How we rapidly churn out production-ready Big Data applications @Groupon
In the past few years, the technology industry has witnessed the rapid adoption of big data technologies, and there is a huge potential to profoundly impact business functions when implemented the right way.
At Groupon, Consumer Data Authority Platform(CDAP) is responsible for processing data of ~500 million users on a daily basis and ensuring appropriate consumer information is made available to all downstream systems easily and efficiently. For this, CDAP has to build and execute jobs frequently to crunch data which will enable downstream systems to drive consumer engagement, personalization, and thereby increase conversion rate.
To achieve this mission, it is crucial to have robust tools and frameworks in place to enable the following unique qualities:
- One-Stop-Shop for Data Applications — developers should be able to focus on the business problems and quickly build solutions for changing market conditions instead of spending unnecessary resources on tackling the engineering challenges.
- Nimble Consumer Insights — since time to market is very critical for consumer data applications, with each passing day having an impact on the revenue, it’s important for developers to have an arsenal of tools to quickly build and deploy solutions that can be used by the business to instantly make decisions.

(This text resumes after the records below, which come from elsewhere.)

(* Let $n\ge2$, $\mathbb F\in\{\mathbb R,\mathbb C\}$, $A=(a^k_j)$ an $(n-1)\times(n-1)$ matrix over $\mathbb F$, and $\mathfrak a_A$ the Lie algebra with basis $e_1,\dots,e_n$ whose only nonzero brackets are $[e_j,e_n]=\sum_{k=1}^{n-1}a^k_je_k$, $j=1,\dots,n-1$ (and their antisymmetric counterparts). Let $\lambda_1,\dots,\lambda_{n-1}$ be the roots in $\mathbb C$ (with multiplicity) of the characteristic polynomial of $A$. If $p,q\in\mathbb N$ are such that $\mathrm{tr}(A^p)=\sum_i\lambda_i^p\ne0$, $\mathrm{tr}(A^q)=\sum_i\lambda_i^q\ne0$ and $\mathrm{tr}(A^{p+q})=\sum_i\lambda_i^{p+q}\ne0$, then $\mathfrak C_{pq}(\mathfrak a_A)$ is well defined and $$\mathfrak C_{pq}(\mathfrak a_A)=\frac{\mathrm{tr}(A^p)\,\mathrm{tr}(A^q)}{\mathrm{tr}(A^{p+q})}=\frac{(\lambda_1^p+\dots+\lambda_{n-1}^p)(\lambda_1^q+\dots+\lambda_{n-1}^q)}{\lambda_1^{p+q}+\dots+\lambda_{n-1}^{p+q}}.$$ Moreover, the rank of $\mathfrak a_A$ (the dimension of its Cartan subalgebras) equals the multiplicity of $0$ as a root of the characteristic polynomial of $A$, plus one.
   Context: For $p,q\in\mathbb N$, $\mathfrak C_{pq}(\mathfrak g)$ is said to be well defined if there exist $u,v\in\mathfrak g$ with $\mathrm{tr}(\mathrm{ad}_u^{\,p})\ne0$, $\mathrm{tr}(\mathrm{ad}_v^{\,q})\ne0$, $\mathrm{tr}(\mathrm{ad}_u^{\,p}\mathrm{ad}_v^{\,q})\ne0$, and the value $\mathrm{tr}(\mathrm{ad}_u^{\,p})\,\mathrm{tr}(\mathrm{ad}_v^{\,q})/\mathrm{tr}(\mathrm{ad}_u^{\,p}\mathrm{ad}_v^{\,q})$ is the same for all such pairs $(u,v)$; this common value is $\mathfrak C_{pq}(\mathfrak g)$. *)

theory Defs
  imports "Jordan_Normal_Form.Jordan_Normal_Form" "Jordan_Normal_Form.VS_Connect"
begin

text \<open>The Lie algebra a_A on F^n (vectors of dimension n, basis e_1..e_n is
  unit_vec n 0, ..., unit_vec n (n-1); so e_n is index n-1).  The matrix A is
  (n-1) x (n-1) with entry A $$ (k,j) = a^k_j (indices shifted by one), and
  the only nonzero brackets are [e_j,e_n] = sum_k a^k_j e_k (and antisymmetric).
  Extending bilinearly: [u,v] = sum_{j<n-1} (u_j v_n - u_n v_j) [e_j,e_n].\<close>
definition aA_bracket :: "'a::comm_ring_1 mat \<Rightarrow> nat \<Rightarrow> 'a vec \<Rightarrow> 'a vec \<Rightarrow> 'a vec" where
  "aA_bracket A n u v = vec n (\<lambda>k. if k < n - 1
      then (\<Sum>j<n - 1. A $$ (k, j) * (u $ j * v $ (n - 1) - u $ (n - 1) * v $ j))
      else 0)"

definition trace :: "'a::comm_ring_1 mat \<Rightarrow> 'a" where
  "trace M = (\<Sum>i<dim_row M. M $$ (i, i))"

definition ad_mat :: "('a::comm_ring_1 vec \<Rightarrow> 'a vec \<Rightarrow> 'a vec) \<Rightarrow> nat \<Rightarrow> 'a vec \<Rightarrow> 'a mat" where
  "ad_mat br n u = mat n n (\<lambda>(i, l). br u (unit_vec n l) $ i)"

definition Cpq_well_defined_with_value ::
  "('a::field vec \<Rightarrow> 'a vec \<Rightarrow> 'a vec) \<Rightarrow> nat \<Rightarrow> nat \<Rightarrow> nat \<Rightarrow> 'a \<Rightarrow> bool" where
  "Cpq_well_defined_with_value br n p q c \<longleftrightarrow>
     (let adm = ad_mat br n;
          ok = (\<lambda>u v. trace (adm u ^\<^sub>m p) \<noteq> 0 \<and> trace (adm v ^\<^sub>m q) \<noteq> 0
                    \<and> trace (adm u ^\<^sub>m p * adm v ^\<^sub>m q) \<noteq> 0)
      in (\<exists>u \<in> carrier_vec n. \<exists>v \<in> carrier_vec n. ok u v) \<and>
         (\<forall>u \<in> carrier_vec n. \<forall>v \<in> carrier_vec n. ok u v \<longrightarrow>
             trace (adm u ^\<^sub>m p) * trace (adm v ^\<^sub>m q) / trace (adm u ^\<^sub>m p * adm v ^\<^sub>m q) = c))"

definition lin_subspace :: "nat \<Rightarrow> 'a::field vec set \<Rightarrow> bool" where
  "lin_subspace n W \<longleftrightarrow> VectorSpace.subspace (class_ring :: 'a ring) W (module_vec TYPE('a) n)"

definition lin_dim :: "nat \<Rightarrow> 'a::field vec set \<Rightarrow> nat" where
  "lin_dim n W = vectorspace.dim (class_ring :: 'a ring) ((module_vec TYPE('a) n)\<lparr>carrier := W\<rparr>)"

definition lin_span :: "nat \<Rightarrow> 'a::field vec set \<Rightarrow> 'a vec set" where
  "lin_span n S = module.span (class_ring :: 'a ring) (module_vec TYPE('a) n) S"

definition lie_subalgebra :: "('a::field vec \<Rightarrow> 'a vec \<Rightarrow> 'a vec) \<Rightarrow> nat \<Rightarrow> 'a vec set \<Rightarrow> bool" where
  "lie_subalgebra br n H \<longleftrightarrow> lin_subspace n H \<and> (\<forall>x\<in>H. \<forall>y\<in>H. br x y \<in> H)"

fun lower_central :: "('a::field vec \<Rightarrow> 'a vec \<Rightarrow> 'a vec) \<Rightarrow> nat \<Rightarrow> 'a vec set \<Rightarrow> nat \<Rightarrow> 'a vec set" where
  "lower_central br n H 0 = H"
| "lower_central br n H (Suc k) =
     lin_span n {br x y | x y. x \<in> H \<and> y \<in> lower_central br n H k}"

definition lie_nilpotent :: "('a::field vec \<Rightarrow> 'a vec \<Rightarrow> 'a vec) \<Rightarrow> nat \<Rightarrow> 'a vec set \<Rightarrow> bool" where
  "lie_nilpotent br n H \<longleftrightarrow> (\<exists>k. lower_central br n H k = {0\<^sub>v n})"

definition lie_normalizer :: "('a::field vec \<Rightarrow> 'a vec \<Rightarrow> 'a vec) \<Rightarrow> nat \<Rightarrow> 'a vec set \<Rightarrow> 'a vec set" where
  "lie_normalizer br n H = {x \<in> carrier_vec n. \<forall>h\<in>H. br x h \<in> H}"

definition cartan_subalgebra :: "('a::field vec \<Rightarrow> 'a vec \<Rightarrow> 'a vec) \<Rightarrow> nat \<Rightarrow> 'a vec set \<Rightarrow> bool" where
  "cartan_subalgebra br n H \<longleftrightarrow>
     lie_subalgebra br n H \<and> lie_nilpotent br n H \<and> lie_normalizer br n H = H"

end

theory Submission
  imports Defs "Jordan_Normal_Form.Schur_Decomposition" "Jordan_Normal_Form.Jordan_Normal_Form_Uniqueness"
    "Jordan_Normal_Form.Jordan_Normal_Form_Existence"
begin

text \<open>Write \<open>N = n - 1\<close>, \<open>u'\<close> for the first \<open>N\<close> coordinates of \<open>u\<close> and \<open>u\<^sub>N\<close> for the last one.
  Then \<open>[u, v] = (A (v\<^sub>N u' - u\<^sub>N v'), 0)\<close>, so \<open>ad u\<close> is block upper triangular with diagonal
  blocks \<open>-u\<^sub>N A\<close> and \<open>0\<close>. Hence \<open>tr (ad u ^ p) = (-u\<^sub>N)^p tr (A^p)\<close> and
  \<open>tr (ad u ^ p ad v ^ q) = (-u\<^sub>N)^p (-v\<^sub>N)^q tr (A^(p+q))\<close>; the scalar factors cancel in the
  quotient, and \<open>tr (A^k)\<close> is the \<open>k\<close>-th power sum of the eigenvalues by Schur triangularisation.

  For the rank, \<open>ad e\<^sub>n\<close> acts as \<open>-A\<close> on the first \<open>N\<close> coordinates and kills \<open>e\<^sub>n\<close>, so its Fitting
  null component \<open>ker (A^N) \<oplus> F e\<^sub>n\<close> is a Cartan subalgebra. Conversely, a Cartan subalgebra \<open>H\<close>
  contains some \<open>x\<close> with \<open>x\<^sub>N \<noteq> 0\<close> (else \<open>e\<^sub>n\<close> would normalise \<open>H\<close> without lying in it). On the part of \<open>H\<close> with
  vanishing last coordinate, \<open>ad x\<close> acts as \<open>-x\<^sub>N A\<close>, so nilpotency of \<open>H\<close> puts that part into
  \<open>ker (A^N)\<close>, while self-normalisation pulls all of \<open>ker (A^N)\<close> into \<open>H\<close>. Thus
  \<open>H = ker (A^N) \<oplus> F x\<close>, and \<open>dim ker (A^N)\<close> is the multiplicity of the eigenvalue \<open>0\<close>
  by the Jordan normal form.\<close>

section \<open>Traces and powers of matrices\<close>

lemma trace_mult_commute:
  fixes X :: "'a::comm_ring_1 mat"
  assumes "X \<in> carrier_mat n m" "Y \<in> carrier_mat m n"
  shows "trace (X * Y) = trace (Y * X)"
proof -
  have "trace (X * Y) = (\<Sum>i<n. \<Sum>k<m. X $$ (i,k) * Y $$ (k,i))"
    using assms by (simp add: trace_def scalar_prod_def atLeast0LessThan)
  also have "\<dots> = (\<Sum>k<m. \<Sum>i<n. Y $$ (k,i) * X $$ (i,k))"
    by (subst sum.swap) (simp add: mult.commute)
  also have "\<dots> = trace (Y * X)"
    using assms by (simp add: trace_def scalar_prod_def atLeast0LessThan)
  finally show ?thesis .
qed

lemma trace_similar_mat:
  fixes X :: "'a::comm_ring_1 mat"
  assumes "similar_mat X Y"
  shows "trace X = trace Y"
proof -
  from similar_matD[OF assms] obtain n P Q where "{X, Y, P, Q} \<subseteq> carrier_mat n n"
    and QP: "Q * P = 1\<^sub>m n" and XY: "X = P * Y * Q" by blast
  then have P: "P \<in> carrier_mat n n" and Y: "Y \<in> carrier_mat n n" and Q: "Q \<in> carrier_mat n n"
    by auto
  have "trace X = trace (P * (Y * Q))" using XY P Y Q by (simp add: assoc_mult_mat)
  also have "\<dots> = trace ((Y * Q) * P)" using P Y Q by (intro trace_mult_commute) auto
  also have "\<dots> = trace (Y * (Q * P))" using P Y Q by (simp add: assoc_mult_mat)
  also have "\<dots> = trace Y" using QP Y by simp
  finally show ?thesis .
qed

lemma trace_smult_mat: "X \<in> carrier_mat n n \<Longrightarrow> trace (c \<cdot>\<^sub>m X) = c * trace X"
  unfolding trace_def by (simp add: sum_distrib_left)

lemma (in comm_ring_hom) trace_map_mat:
  "X \<in> carrier_mat n n \<Longrightarrow> trace (map_mat hom X) = hom (trace X)"
  unfolding trace_def by (simp add: hom_sum)

lemma upper_triangular_mult:
  fixes X :: "'a::comm_ring_1 mat"
  assumes X: "X \<in> carrier_mat n n" and Y: "Y \<in> carrier_mat n n"
    and uX: "upper_triangular X" and uY: "upper_triangular Y"
  shows "upper_triangular (X * Y)"
proof (rule upper_triangularI)
  fix i j assume ji: "j < i" and "i < dim_row (X * Y)"
  then have i: "i < n" using X by auto
  have "(X * Y) $$ (i,j) = (\<Sum>k<n. X $$ (i,k) * Y $$ (k,j))"
    using X Y i ji by (simp add: scalar_prod_def atLeast0LessThan)
  also have "\<dots> = 0"
  proof (rule sum.neutral, intro ballI)
    fix k assume k: "k \<in> {..<n}"
    show "X $$ (i,k) * Y $$ (k,j) = 0"
    proof (cases "k < i")
      case True
      then show ?thesis using upper_triangularD[OF uX] i X by simp
    next
      case False
      then have "j < k" using ji by simp
      then show ?thesis using upper_triangularD[OF uY] k Y by simp
    qed
  qed
  finally show "(X * Y) $$ (i,j) = 0" .
qed

lemma diag_mult_upper_triangular:
  fixes X :: "'a::comm_ring_1 mat"
  assumes X: "X \<in> carrier_mat n n" and Y: "Y \<in> carrier_mat n n"
    and uX: "upper_triangular X" and uY: "upper_triangular Y" and i: "i < n"
  shows "(X * Y) $$ (i,i) = X $$ (i,i) * Y $$ (i,i)"
proof -
  have "(X * Y) $$ (i,i) = (\<Sum>k<n. X $$ (i,k) * Y $$ (k,i))"
    using X Y i by (simp add: scalar_prod_def atLeast0LessThan)
  also have "\<dots> = (\<Sum>k\<in>{i}. X $$ (i,k) * Y $$ (k,i))"
  proof (rule sum.mono_neutral_right)
    show "\<forall>k\<in>{..<n} - {i}. X $$ (i,k) * Y $$ (k,i) = 0"
    proof
      fix k assume k: "k \<in> {..<n} - {i}"
      show "X $$ (i,k) * Y $$ (k,i) = 0"
      proof (cases "k < i")
        case True
        then show ?thesis using upper_triangularD[OF uX] i X by simp
      next
        case False
        then have "i < k" using k by simp
        then show ?thesis using upper_triangularD[OF uY] k Y by simp
      qed
    qed
  qed (use i in auto)
  finally show ?thesis by simp
qed

lemma upper_triangular_pow_mat:
  fixes X :: "'a::comm_ring_1 mat"
  assumes X: "X \<in> carrier_mat n n" and uX: "upper_triangular X"
  shows "upper_triangular (X ^\<^sub>m k)"
proof (induction k)
  case (Suc k)
  then show ?case using upper_triangular_mult[OF pow_carrier_mat[OF X] X _ uX] by simp
qed simp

Need for a Big Data Framework
In general, writing production-ready Big Data applications from scratch is a fairly complex task as a lot of effort is wasted in making sure that the different technologies co-exist together. Furthermore, if the application is not coded modularly, then adding more libraries, upgrading the versions of existing tools & libraries, and subsequent application amendments become a nightmare.
Even when challenges associated with building a Big Data application are overcome, making it production-ready is an added headache involving testing, deployment, logging, alerting, failure handling, monitoring, etc.
Therefore, having a framework that allows developers to build data applications without having to worry about these challenges enables one to focus on the real problem and create high-quality production-ready applications far faster.
And Voila! The Consumer Authority Big Data Framework
CDAP Big Data framework does just that; it allows developers to easily create and deploy production-ready big data applications with a range of inbuilt features across various phases of application development.
- Command-line arguments & logging
- Email/Pagerduty alerting with support for custom channels
- Execution tracking and configurable retry support on failure
- Pluggable processing engines & heterogeneous sources/sinks
- Out of the box connectivity to popular Big Data tools
- Support for streaming data applications
- Cloud compatible with support for popular AWS services
- Seamless integration with Airflow with auto-generation of DAG code.
Plug and Play is in the gene!
The Big Data tech stack is evolving at a rapid pace from the time it came into existence. Multiple processing engines and data stores have entered this space in the last decade, each offering various advantages for specific use cases. This poses a serious challenge to developers as they have to worry about the technicality associated with these tools while solving business problems.
The ability to use pluggable modules like Processing engines and Data sources is a must for any generic Big Data application framework and we have used it at the heart of the framework.
The various modules used in the framework like processing engines, data stores, configuration parsers, alert channels, etc. are designed in a way that enables developers to seamlessly plug in any tool of their choice.
The main pluggable components of the CDAP framework are :
Job Interface — basic abstraction provided by the framework and any application leveraging it will inherit all the in-built features.
Processing Engine Interface — responsible for managing the data transformations in the application. Developers can choose a suitable processing engine depending on the use case at hand.
Connection Interface — allow developers to effortlessly connect to the various data stores in the Big Data tech stack.
Job Interface — Genesis Block!
This is the starting block the developers have to use to build any application using the framework. Below is a sample Job example:
Application configurations are based on the environment and should be provided in the following format. We generally use 3 configuration files (dev, staging, prod) with standard naming convention : application_<env>.conf
The default format is JSON, but developers can use other formats like YAML, XML, etc. as the configuration parser is a pluggable module.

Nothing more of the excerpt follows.